The Herald editorial board just doesn’t get it. The closing line of your diatribe states “... and pension liabilitie­s which clearly point to the ever-growing need for pension reform to protect future generation­s from much hardship.”

According to the Canadian Taxpayers Federation, Canada’s national debt is $619 billion and growing at a rate of $7 million a day. Do we worry about the effect of that on future generation­s? Of course not, as it is only a problem if that amount of debt is called in by its holders, a hardly likely scenario.

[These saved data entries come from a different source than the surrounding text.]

lemma second_difference_lower_bound:
  fixes \<beta> P Q er :: "real \<Rightarrow> real" and l E :: real
  assumes l: "l > 0" and E: "E > 0"
    and \<beta>: "\<And>t. - l \<le> t \<Longrightarrow> t \<le> 0 \<Longrightarrow> 27 * (\<beta> t)^2 = 4 * P t * (t + l)^3 - Q t * (t^3 + er t)"
    and P: "\<And>t. - l \<le> t \<Longrightarrow> t \<le> 0 \<Longrightarrow> \<bar>P t - E/4\<bar> \<le> E/80"
    and Q: "\<And>t. - l \<le> t \<Longrightarrow> t \<le> 0 \<Longrightarrow> \<bar>Q t - E\<bar> \<le> E/20"
    and er: "\<And>t. - l \<le> t \<Longrightarrow> t \<le> 0 \<Longrightarrow> \<bar>er t\<bar> \<le> 7/1000 * l^3"
  shows "49/100 * (E * l^3 / 27) \<le> (\<beta> (- l) - 2 * \<beta> (- l/2) + \<beta> 0)^2"
proof -
  have est: "\<bar>(\<beta> t)^2 - E/27 * ((t + l)^3 - t^3)\<bar> \<le> E/270 * ((t + l)^3 - t^3)"
    if "- l \<le> t" "t \<le> 0" for t
    using discriminant_profile_estimate[OF that E \<beta>[OF that] P[OF that] Q[OF that] er[OF that]] .
  define K where "K = E * l^3 / 27"
  \<comment> \<open>at t = -l, -l/2, 0 the model profile (t + l)^3 - t^3 equals l^3, l^3/4, l^3\<close>
  have "\<bar>(\<beta> (- l))^2 - K\<bar> \<le> K/10"
    using est[of "- l"] l by (simp add: K_def)
  moreover have "\<bar>(- 2 * \<beta> (- l/2))^2 - K\<bar> \<le> K/10"
  proof -
    have "\<bar>(- 2 * \<beta> (- l/2))^2 - K\<bar> = \<bar>4 * ((\<beta> (- l/2))^2 - K/4)\<bar>"
      by (simp add: power_mult_distrib algebra_simps)
    also have "\<dots> = 4 * \<bar>(\<beta> (- l/2))^2 - K/4\<bar>"
      by (simp only: abs_mult abs_numeral)
    finally have "\<bar>(- 2 * \<beta> (- l/2))^2 - K\<bar> = 4 * \<bar>(\<beta> (- l/2))^2 - K/4\<bar>" .
    then show ?thesis
      using est[of "- l/2"] l by (simp add: K_def power_divide)
  qed
  moreover have "\<bar>(\<beta> 0)^2 - K\<bar> \<le> K/10"
    using est[of 0] l by (simp add: K_def)
  ultimately show ?thesis
    using sum3_square_lower_bound unfolding K_def by fastforce
qed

The same holds true for the public service pension plan. Any unfunded liability is only a problem if every employee retired today and claimed their pension, an impossible scenario. The national debt is growing largely because of interest charges on that debt. Such is not the case for the Local Authoritie­s Pension Plan, which last year took in more revenue from contributi­ons and interest earnings than it paid out in benefits. This was due primarily to contributi­ons by current employees and wise investment­s.

I paid into that pension plan for 35 years, thus supporting those who retired ahead of me. I have earned my pension, just as they did and just as those who are presently contributi­ng, and those who follow that group are earning their pensions. This has nothing to do with forcing hardship on future generation­s.

If the Herald really wants to get at the nub of unfunded liabilitie­s, please ask the province why for many years they spent our pension contributi­ons by placing them into general revenues instead of a pension plan.